На конечной села у окна в пустой автобус. И опять дома, витрины, черные сучья, бурые лужи, белые сугробики, красные флаги полощутся на ветру. Так бы и ехать без конца.
ТИРАЖ ПОГАШЕНИЯ
— Треской в доме воняет, — сказал Ключевой.
— Ты на диете, — объяснила Елизавета Сергеевна. — А чего бы ты хотел?
— Сто грамм.
— Новое дело…
Кровать стояла против двери, и Ключевому было видно, как мечется Елизавета Сергеевна из столовой в кухню, из кухни в столовую, постукивая невысокими каблучками. А чего метаться-то?

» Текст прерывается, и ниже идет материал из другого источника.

lemma inner_self:
  assumes "u \<in> l2Z" shows "l2Z_inner u u = complex_of_real ((l2Z_norm u)^2)"
proof -
  have sq: "(\<lambda>n. (cmod (u n))^2) summable_on UNIV" using assms by (simp add: l2Z_def)
  have "l2Z_inner u u = (\<Sum>\<^sub>\<infinity>n. complex_of_real ((cmod (u n))^2))"
    unfolding l2Z_inner_def by (simp only: complex_norm_square)
  also have "\<dots> = complex_of_real (\<Sum>\<^sub>\<infinity>n. (cmod (u n))^2)"
    by (rule infsumI, rule has_sum_of_real, rule has_sum_infsum, rule sq)
  finally show ?thesis by (simp add: l2Z_norm_def infsum_nonneg)
qed

lemma l2Z_norm_pos:
  assumes "u \<in> l2Z" "u \<noteq> (\<lambda>_. 0)" shows "l2Z_norm u > 0"
proof (rule ccontr)
  have "(\<Sum>\<^sub>\<infinity>n. (cmod (u n))^2) \<ge> 0" by (simp add: infsum_nonneg)
  moreover assume "\<not> l2Z_norm u > 0"
  ultimately have "(\<Sum>\<^sub>\<infinity>n. (cmod (u n))^2) = 0" by (simp add: l2Z_norm_def)
  moreover have "(\<lambda>n. (cmod (u n))^2) summable_on UNIV" using assms by (simp add: l2Z_def)
  ultimately have "(cmod (u n))^2 = 0" for n by (intro nonneg_infsum_le_0D) auto
  then have "u = (\<lambda>_. 0)" by (intro ext) simp
  with assms(2) show False by contradiction
qed

lemma normalize_l2Z:
  assumes "u \<in> l2Z" "l2Z_norm u > 0"
  defines "c \<equiv> complex_of_real (1 / l2Z_norm u)"
  shows "(\<lambda>n. c * u n) \<in> l2Z" and "l2Z_norm (\<lambda>n. c * u n) = 1"
    and "c * cnj c = 1 / complex_of_real ((l2Z_norm u)^2)"
proof -
  show cc: "c * cnj c = 1 / complex_of_real ((l2Z_norm u)^2)"
    by (simp add: c_def power2_eq_square)
  show xl: "(\<lambda>n. c * u n) \<in> l2Z" by (rule l2Z_scale[OF assms(1)])
  have "complex_of_real ((l2Z_norm (\<lambda>n. c * u n))^2) = c * cnj c * l2Z_inner u u"
    by (simp only: inner_self[OF xl, symmetric] inner_scale_left inner_scale_right mult.assoc)
  also have "\<dots> = 1" using assms(2) by (simp add: cc inner_self[OF assms(1)])
  finally have "(l2Z_norm (\<lambda>n. c * u n))^2 = 1" by (metis of_real_eq_1_iff)
  then show "l2Z_norm (\<lambda>n. c * u n) = 1"
    using l2Z_norm_nonneg[of "\<lambda>n. c * u n"] by (auto simp: power2_eq_1_iff)
qed

section \<open>The Jacobi operator and its adjoint\<close>

lemma jacobi_lin: "jacobiJ d (\<lambda>n. u n + t * w n) = (\<lambda>n. jacobiJ d u n + t * jacobiJ d w n)"
  by (auto simp: jacobiJ_def algebra_simps)

lemma jacobi_scale: "jacobiJ d (\<lambda>n. c * w n) = (\<lambda>n. c * jacobiJ d w n)"
  by (auto simp: jacobiJ_def algebra_simps)

lemma inner_shift: "l2Z_inner (\<lambda>n. v (n + k)) u = l2Z_inner v (\<lambda>n. u (n - k))"
proof -
  have "l2Z_inner (\<lambda>n. v (n + k)) u = (\<Sum>\<^sub>\<infinity>n. (\<lambda>m. v m * cnj (u (m - k))) (n + k))"
    unfolding l2Z_inner_def by simp
  also have "\<dots> = (\<Sum>\<^sub>\<infinity>m. v m * cnj (u (m - k)))"
    by (rule infsum_reindex_bij_betw[OF bij_shift])
  finally show ?thesis by (simp add: l2Z_inner_def)
qed

lemma inner_mult: "l2Z_inner (\<lambda>n. d n * v n) u = l2Z_inner v (\<lambda>n. cnj (d n) * u n)"
  unfolding l2Z_inner_def by (simp add: mult_ac)
lemma orthonormal_frame_expansion:
  assumes e: "orthonormal_frame e"
  shows "v = (\<Sum>i\<in>UNIV. (v \<bullet> e i) *\<^sub>R e i)"
proof -
  have "inj e"
    by (rule injI) (metis orthonormal_frame_inner[OF e] one_neq_zero)
  moreover have "independent (range e)"
  proof (rule pairwise_orthogonal_independent)
    show "pairwise orthogonal (range e)"
      using e by (auto simp: pairwise_def orthogonal_def orthonormal_frame_inner)
    show "0 \<notin> range e" using orthonormal_frame_norm[OF e] by (metis imageE norm_zero zero_neq_one)
  qed
  ultimately have span: "UNIV \<subseteq> span (range e)"
    using card_eq_dim[of "range e" UNIV] by (simp add: card_image dim_UNIV)
  define u where "u = v - (\<Sum>i\<in>UNIV. (v \<bullet> e i) *\<^sub>R e i)"
  have "u \<bullet> e j = 0" for j
    by (simp add: u_def inner_diff_left inner_sum_orthonormal_frame[OF e])
  hence "orthogonal u u" using span
    by (intro orthogonal_to_span[of u "range e"]) (auto simp: orthogonal_def)
  thus ?thesis by (simp add: u_def orthogonal_def)
qed

lemma orthonormal_frame_eq_0_iff:
  assumes "orthonormal_frame e"
  shows "v = 0 \<longleftrightarrow> (\<forall>i. v \<bullet> e i = 0)"
  using orthonormal_frame_expansion[OF assms, of v] by auto
lemma ex_minimum_dominating_set: "\<exists>D. minimum_dominating_set V E D"
proof -
  have "dominating_set V E V"
    by (simp add: dominating_set_def)
  then show ?thesis
    using ex_has_least_nat[of "dominating_set V E" V card]
    unfolding minimum_dominating_set_def by blast
qed

lemma minimum_imp_minimal_dominating_set:
  assumes "simple_graph V E" and "minimum_dominating_set V E D"
  shows "minimal_dominating_set V E D"
  unfolding minimal_dominating_set_def
proof (intro conjI allI impI)
  show dom: "dominating_set V E D"
    using assms(2) unfolding minimum_dominating_set_def by blast
  fix D' assume "D' \<subset> D"
  moreover have "finite D"
    using dominating_set_finite[OF assms(1) dom] .
  ultimately have "card D' < card D"
    by (simp add: psubset_card_mono)
  then show "\<not> dominating_set V E D'"
    using assms(2) unfolding minimum_dominating_set_def by (meson not_le)
qed

definition external_private_neighbour ::
  "'a set \<Rightarrow> ('a \<Rightarrow> 'a \<Rightarrow> bool) \<Rightarrow> 'a set \<Rightarrow> 'a \<Rightarrow> 'a \<Rightarrow> bool" where
  "external_private_neighbour V E D d p \<longleftrightarrow>
     p \<in> V - D \<and> E d p \<and> (\<forall>d'\<in>D. E d' p \<longrightarrow> d' = d)"
lemma integrable_blur_density_product:
  assumes \<psi>: "L2 \<psi>"
  shows "integrable (lborel \<Otimes>\<^sub>M lborel)
           (\<lambda>(t, w). \<psi> t * fourier_char (\<omega> \<bullet> t) * blur_density c x t w)"
  unfolding split_beta'
proof (rule Bochner_Integration.integrable_bound)
  have [measurable]: "\<psi> \<in> borel_measurable borel"
    using \<psi> by (simp add: L2_def)
  show "integrable (lborel \<Otimes>\<^sub>M lborel)
      (\<lambda>p. norm (\<psi> (fst p) * indicator (cball (x - c) 2) (fst p)) * indicator (cball (c, 0::'a) 1) (snd p))"
    by (intro lborel_pair.integrable_mult_pair integrable_norm integrable_L2_mult_indicator[OF \<psi>]
        integrable_real_indicator) (auto simp: emeasure_cball)
  show "(\<lambda>p. \<psi> (fst p) * fourier_char (\<omega> \<bullet> fst p) * blur_density c x (fst p) (snd p))
      \<in> borel_measurable (lborel \<Otimes>\<^sub>M lborel)"
    by measurable
  have "norm (\<psi> t * fourier_char (\<omega> \<bullet> t) * blur_density c x t w)
      \<le> norm (\<psi> t) * (indicator (cball (c, 0) 1) w * indicator (cball (x - c) 2) t)" for t w
    by (simp add: norm_mult mult_left_mono norm_blur_density_le)
  also have "\<dots> t w = norm (norm (\<psi> t * indicator (cball (x - c) 2) t) * indicator (cball (c, 0::'a) 1) w)" for t w
    by (simp add: norm_mult indicator_def)
  finally show "AE p in lborel \<Otimes>\<^sub>M lborel.
      norm (\<psi> (fst p) * fourier_char (\<omega> \<bullet> fst p) * blur_density c x (fst p) (snd p))
      \<le> norm (norm (\<psi> (fst p) * indicator (cball (x - c) 2) (fst p)) * indicator (cball (c, 0::'a) 1) (snd p))"
    by (intro AE_I2)
qed

lemma integrable_mult_blur_kernel:
  assumes "L2 \<psi>"
  shows "integrable lborel (\<lambda>t. \<psi> t * blur_kernel c x t)"
  using lborel_pair.integrable_fst'[OF integrable_blur_density_product[OF assms, of 0]]
  by (simp add: blur_kernel_def)

lemma blur_kernel_eq_0: "t \<notin> cball (x - c) 2 \<Longrightarrow> blur_kernel c x t = 0"
  using norm_blur_density_le[of c x t] by (simp add: blur_kernel_def)
(* There is an absolute constant $A>0$ such that for every $r\ge1$ there exists a function $h:\mathbb{R}\to\mathbb{R}$ with $h(x)=x$ for all $x\in[-r,r]$, such that $$\int_{\mathbb{R}}|\hat h(\omega)|\,d\omega\le A r^{3/2}\quad\text{and}\quad\int_{\mathbb{R}}|\omega|\,|\hat h(\omega)|\,d\omega\le A r^{1/2}.$$
   Context: Fourier transform: $\hat h(\omega)=\frac{1}{2\pi}\int_{\mathbb{R}}h(x)e^{-i\omega x}dx$. *)

theory Defs
  imports "HOL-Analysis.Analysis"
begin

definition fourier :: "(real \<Rightarrow> real) \<Rightarrow> real \<Rightarrow> complex" where
  "fourier h \<omega> = complex_of_real (1 / (2 * pi)) *
     (LINT x|lborel. complex_of_real (h x) * exp (- (\<i> * complex_of_real (\<omega> * x))))"

end

theory Submission
  imports Defs
begin

text \<open>The function is the cubic spline \<open>h = S(x\<^sup>3\<^sub>+) / (6 r\<^sup>2)\<close>, where \<open>S\<close> is an odd
  finite-difference stencil with knots \<open>\<plusminus>r, \<dots>, \<plusminus>4r\<close>, chosen so that \<open>h\<close> is supported in
  \<open>[-4r, 4r]\<close> and equals \<open>x\<close> on \<open>[-r, r]\<close>. Since \<open>|h| = O(r)\<close> we get \<open>|\<hat>h| = O(r\<^sup>2)\<close>. Since
  \<open>h\<close>, \<open>h'\<close>, \<open>h''\<close> vanish at \<open>\<plusminus>4r\<close> and \<open>h'''\<close> is a step function of size \<open>O(1/r\<^sup>2)\<close>, three
  integrations by parts give \<open>|\<hat>h(\<omega>)| = O(1 / (r |\<omega>|\<^sup>3))\<close>. Together these give
  \<open>|\<hat>h(\<omega>)| \<le> C r\<^sup>2 / (1 + (r\<omega>)\<^sup>2)\<close> and \<open>|\<omega>| |\<hat>h(\<omega>)| \<le> C r / (1 + (r\<omega>)\<^sup>2)\<close>, whose integrals
  are \<open>C\<pi>r\<close> and \<open>C\<pi>\<close>.\<close>

lemma fourier_kernel_has_vector_derivative:
  "((\<lambda>x. exp (- (\<i> * of_real (\<omega> * x)))) has_vector_derivative
     - (\<i> * of_real \<omega>) * exp (- (\<i> * of_real (\<omega> * x)))) (at x)"
proof -
  have "((\<lambda>z. exp (- (\<i> * of_real \<omega> * z))) has_field_derivative
      - (\<i> * of_real \<omega>) * exp (- (\<i> * of_real \<omega> * of_real x))) (at (of_real x))"
    by (auto intro!: derivative_eq_intros)
  from has_vector_derivative_real_field[OF this] show ?thesis
    by (simp add: mult.assoc)
qed

lemma has_integral_fourier_kernel_by_parts:
  fixes u u' :: "real \<Rightarrow> complex"
  assumes "a \<le> b" "finite S" "continuous_on {a..b} u"
    and "\<And>x. x \<in> {a<..<b} - S \<Longrightarrow> (u has_vector_derivative u' x) (at x)"
    and "u a = 0" "u b = 0"
  shows "((\<lambda>x. u' x * exp (- (\<i> * of_real (\<omega> * x)))) has_integral
      \<i> * of_real \<omega> * integral {a..b} (\<lambda>x. u x * exp (- (\<i> * of_real (\<omega> * x))))) {a..b}"
proof -
  define E where "E x = exp (- (\<i> * complex_of_real (\<omega> * x)))" for x
  have dE: "(E has_vector_derivative - (\<i> * of_real \<omega>) * E x) (at x)" for x
    unfolding E_def[abs_def] by (rule fourier_kernel_has_vector_derivative)
  have "continuous_on {a..b} (\<lambda>x. u x * E x)"
    unfolding E_def by (intro continuous_intros assms(3))
  then have uE: "((\<lambda>x. u x * E x) has_integral integral {a..b} (\<lambda>x. u x * E x)) {a..b}"
    using integrable_continuous_interval by blast
  have "((\<lambda>x. u' x * E x - \<i> * of_real \<omega> * (u x * E x)) has_integral u b * E b - u a * E a) {a..b}"
  proof (rule fundamental_theorem_of_calculus_interior_strong[OF assms(2,1)])
    fix x
    assume "x \<in> {a<..<b} - S"
    from has_vector_derivative_mult[OF assms(4)[OF this] dE]
    show "((\<lambda>x. u x * E x) has_vector_derivative u' x * E x - \<i> * of_real \<omega> * (u x * E x)) (at x)"
      by (simp add: algebra_simps)
  qed fact
  from has_integral_add[OF this has_integral_mult_right[OF uE, of "\<i> * of_real \<omega>"]]
  show ?thesis
    using assms(5,6) by (simp add: E_def)
qed

lemma fourier_eq_interval_integral:
  assumes "integrable lborel h" "\<And>x. x \<notin> {a..b} \<Longrightarrow> h x = 0"
  shows "fourier h \<omega> = of_real (1 / (2*pi)) *
    integral {a..b} (\<lambda>x. of_real (h x) * exp (- (\<i> * of_real (\<omega> * x))))"
proof -
  define f where "f x = complex_of_real (h x) * exp (- (\<i> * complex_of_real (\<omega> * x)))" for x
  have "f \<in> borel_measurable lborel"
    using borel_measurable_integrable[OF assms(1)] unfolding f_def by measurable
  then have "integrable lborel f"
    by (rule Bochner_Integration.integrable_bound[OF assms(1)])
       (simp add: f_def norm_mult norm_exp_eq_Re)
  then have "(f has_integral (LINT x|lborel. f x)) UNIV"
    by (rule has_integral_integral_lborel)
  moreover have "(\<lambda>x. if x \<in> {a..b} then f x else 0) = f"
    using assms(2) by (auto simp: fun_eq_iff f_def)
  ultimately have "integral {a..b} f = (LINT x|lborel. f x)"
    using has_integral_restrict_UNIV[of "{a..b}" f] integral_unique by simp
  then show ?thesis
    by (simp add: fourier_def f_def[abs_def])
qed

lemma norm_fourier_le_norm_interval_integral:
  assumes "integrable lborel h" "\<And>x. x \<notin> {a..b} \<Longrightarrow> h x = 0"
  shows "norm (fourier h \<omega>) \<le>
    norm (integral {a..b} (\<lambda>x. of_real (h x) * exp (- (\<i> * of_real (\<omega> * x)))))"
  using fourier_eq_interval_integral[OF assms] pi_gt3
  by (simp add: norm_divide divide_le_eq mult_le_cancel_left1)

Жизнь, по сути, остановилась, торопиться некуда.
В больницу Елизавета Сергеевна уходила теперь только на ночные дежурства, а днем поминутно забегала к мужу, глядела испуганными глазами, говорила тихим голосом. Ключевой повернулся лицом к стене. Елизавета Сергеевна стала реже заглядывать в комнату, только дверь оставляла открытой. Это тоже раздражало. Не сразу, но, видно, она и это поняла, занялась неспешным делом — стала пересаживать комнатные цветы.
— Зина заболела, — сказала она, — я пригласила Клюева, посидит с тобой до утра.
— Какого еще Клюева?
— Не помнишь? А кто нам у крыльца лох посадил, когда мы сюда переехали?
— Не помню.
— Да вас для газеты вместе сняли. У тебя карточка есть.
— Покажи.
Елизавета Сергеевна принесла альбом в красном плюшевом переплете, отыскала карточку. Сняты, как на медали, два профиля один за другим. Ключевой — не отрывая руки вычерченный: лысый, начисто выбритый, нос тяжелый, подбородок выдвинутый, голая шея. Римлянин времен упадка, только тоги не хватает. У Клюева лицо вдвое меньше, все в подробностях: вскинутая бровь со стариковским хохолком на изломе, тонкие губы, узкий, туго затянутый узел галстука.
Ключевой уронил альбом на одеяло. Теперь он вспомнил: раза два появлялся в доме старичок в тесном черном костюме, в брезентовых сапогах, возился с Елизаветой Сергеевной около цветочных горшков, недовольно качал головой, подрезал веточки.
Зачем, интересно, понадобилось ашхабадскому газетчику соединять на снимке управляющего нефтяным трестом с замначем конторы озеленения? Все они, репортеры, любители контрастов — черное золото и флора пустыни.
— Он старичок тихий, непьющий, обязательный, — уговаривала Елизавета Сергеевна, — он тебя и чаем напоит, и в дом никого не пустит. Помнишь, что сказал профессор Горкин? Чем ближе друзья — тем дальше от дома. У тебя предынфарктное состояние.
Ключевой рывком повернулся к стене. Предынфарктное! Сговорились ватой обкладывать, а кардиограмму не показывают. После драки легко кулаками махать — болезнь развивается нормально. Стенокардический приступ в Ашхабаде. Сердечный спазм по возвращении домой. Партсобрание шло, что называется, в концертном исполнении. Тезисы разобрали по голосам. Кто-то сказал: не прислушивается к жизни, а прислушивается к начальству. Кто-то: решения принимает единолично. Еще один: не демократичен. А молодой инженер Вяткин подвел черту: с ярмарки едет, на пенсию пора.
И потянулись дни. Проработка была — оргвыводов нет. Ходили бы люди, внесли бы ясность — что говорят в Ашхабаде, что решили в Москве. А людям ходить не велено.
Время тащилось медленно, как в детстве. Только воспоминания одолевали. И все вспоминались мелочи. Пустяковые обиды, давние и недавние, заново переживались, и сердце начинало биться часто.